[To do]: Scan each line of the records for the word "zform" and extract the ones that have it.

*** Record extracts

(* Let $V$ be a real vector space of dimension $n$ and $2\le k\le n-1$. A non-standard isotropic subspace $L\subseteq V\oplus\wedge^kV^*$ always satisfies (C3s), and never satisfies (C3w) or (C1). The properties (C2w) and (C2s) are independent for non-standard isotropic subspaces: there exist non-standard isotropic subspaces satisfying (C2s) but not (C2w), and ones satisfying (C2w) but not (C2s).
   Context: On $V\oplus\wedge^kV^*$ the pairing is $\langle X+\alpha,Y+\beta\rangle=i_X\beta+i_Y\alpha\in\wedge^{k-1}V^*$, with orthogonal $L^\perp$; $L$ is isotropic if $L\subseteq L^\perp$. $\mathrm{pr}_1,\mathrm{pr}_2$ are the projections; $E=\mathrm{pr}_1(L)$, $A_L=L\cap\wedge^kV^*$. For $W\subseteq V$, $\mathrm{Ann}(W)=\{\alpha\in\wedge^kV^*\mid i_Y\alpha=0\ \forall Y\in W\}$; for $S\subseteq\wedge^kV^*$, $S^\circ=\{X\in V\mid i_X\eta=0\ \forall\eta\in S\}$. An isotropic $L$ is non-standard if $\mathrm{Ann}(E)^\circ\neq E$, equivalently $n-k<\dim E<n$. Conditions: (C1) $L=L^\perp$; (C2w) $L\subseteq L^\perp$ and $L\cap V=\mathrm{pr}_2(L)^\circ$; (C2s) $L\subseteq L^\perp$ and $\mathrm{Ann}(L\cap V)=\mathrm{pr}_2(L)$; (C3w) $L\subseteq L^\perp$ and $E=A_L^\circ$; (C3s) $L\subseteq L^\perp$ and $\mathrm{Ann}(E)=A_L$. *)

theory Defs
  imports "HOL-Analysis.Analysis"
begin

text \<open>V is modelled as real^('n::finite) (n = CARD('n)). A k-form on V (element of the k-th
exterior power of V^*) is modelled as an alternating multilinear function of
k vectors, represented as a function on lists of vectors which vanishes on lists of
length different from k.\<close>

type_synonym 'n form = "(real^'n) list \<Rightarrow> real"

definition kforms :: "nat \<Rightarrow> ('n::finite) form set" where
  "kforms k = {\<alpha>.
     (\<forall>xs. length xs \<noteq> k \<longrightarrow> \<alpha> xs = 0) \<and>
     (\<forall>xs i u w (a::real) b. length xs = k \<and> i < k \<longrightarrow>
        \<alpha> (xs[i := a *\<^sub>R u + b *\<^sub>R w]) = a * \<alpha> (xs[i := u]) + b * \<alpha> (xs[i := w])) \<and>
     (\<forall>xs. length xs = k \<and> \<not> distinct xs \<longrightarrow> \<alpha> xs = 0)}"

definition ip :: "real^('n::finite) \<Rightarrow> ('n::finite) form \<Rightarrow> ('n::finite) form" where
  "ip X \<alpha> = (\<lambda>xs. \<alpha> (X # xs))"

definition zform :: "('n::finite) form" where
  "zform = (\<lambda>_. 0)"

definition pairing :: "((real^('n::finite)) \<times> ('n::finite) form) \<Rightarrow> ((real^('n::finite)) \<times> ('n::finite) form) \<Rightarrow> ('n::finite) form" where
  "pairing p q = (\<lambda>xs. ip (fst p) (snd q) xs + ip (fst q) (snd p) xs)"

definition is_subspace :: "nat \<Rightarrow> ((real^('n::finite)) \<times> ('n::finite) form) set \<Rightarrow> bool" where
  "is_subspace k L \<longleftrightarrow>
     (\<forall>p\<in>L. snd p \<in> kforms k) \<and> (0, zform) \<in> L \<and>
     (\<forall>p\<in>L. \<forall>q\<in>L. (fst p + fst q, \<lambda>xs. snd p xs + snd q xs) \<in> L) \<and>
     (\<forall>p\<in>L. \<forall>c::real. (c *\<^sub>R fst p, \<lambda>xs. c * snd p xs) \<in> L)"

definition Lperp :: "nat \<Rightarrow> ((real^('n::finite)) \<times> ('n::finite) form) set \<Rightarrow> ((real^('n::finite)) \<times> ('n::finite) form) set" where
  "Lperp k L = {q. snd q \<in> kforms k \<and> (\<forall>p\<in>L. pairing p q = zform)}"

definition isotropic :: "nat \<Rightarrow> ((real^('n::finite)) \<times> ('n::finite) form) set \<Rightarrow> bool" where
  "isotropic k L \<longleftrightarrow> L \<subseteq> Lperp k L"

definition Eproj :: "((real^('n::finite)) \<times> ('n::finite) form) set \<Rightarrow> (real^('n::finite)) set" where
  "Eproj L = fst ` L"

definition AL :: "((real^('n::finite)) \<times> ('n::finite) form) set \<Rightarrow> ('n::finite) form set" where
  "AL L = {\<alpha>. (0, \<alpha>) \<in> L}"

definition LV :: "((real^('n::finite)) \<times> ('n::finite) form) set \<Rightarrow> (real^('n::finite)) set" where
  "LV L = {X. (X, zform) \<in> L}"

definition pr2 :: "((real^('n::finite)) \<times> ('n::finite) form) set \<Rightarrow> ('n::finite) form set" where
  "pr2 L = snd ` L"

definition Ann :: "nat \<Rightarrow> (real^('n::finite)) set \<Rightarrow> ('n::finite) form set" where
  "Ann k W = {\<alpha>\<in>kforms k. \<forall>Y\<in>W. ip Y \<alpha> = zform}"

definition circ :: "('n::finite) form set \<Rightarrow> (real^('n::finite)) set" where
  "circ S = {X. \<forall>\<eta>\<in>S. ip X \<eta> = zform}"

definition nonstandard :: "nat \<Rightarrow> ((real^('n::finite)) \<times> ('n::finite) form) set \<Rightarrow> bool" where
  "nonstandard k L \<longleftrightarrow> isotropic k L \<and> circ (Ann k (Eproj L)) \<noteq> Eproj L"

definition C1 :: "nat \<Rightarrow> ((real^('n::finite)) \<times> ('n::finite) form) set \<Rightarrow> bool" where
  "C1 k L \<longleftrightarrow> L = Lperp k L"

******

[Exercise result]:
definition zform :: "('n::finite) form" where
  "zform = (\<lambda>_. 0)"
     (\<forall>p\<in>L. snd p \<in> kforms k) \<and> (0, zform) \<in> L \<and>
  "Lperp k L = {q. snd q \<in> kforms k \<and> (\<forall>p\<in>L. pairing p q = zform)}"
  "LV L = {X. (X, zform) \<in> L}"
  "Ann k W = {\<alpha>\<in>kforms k. \<forall>Y\<in>W. ip Y \<alpha> = zform}"
  "circ S = {X. \<forall>\<eta>\<in>S. ip X \<eta> = zform}"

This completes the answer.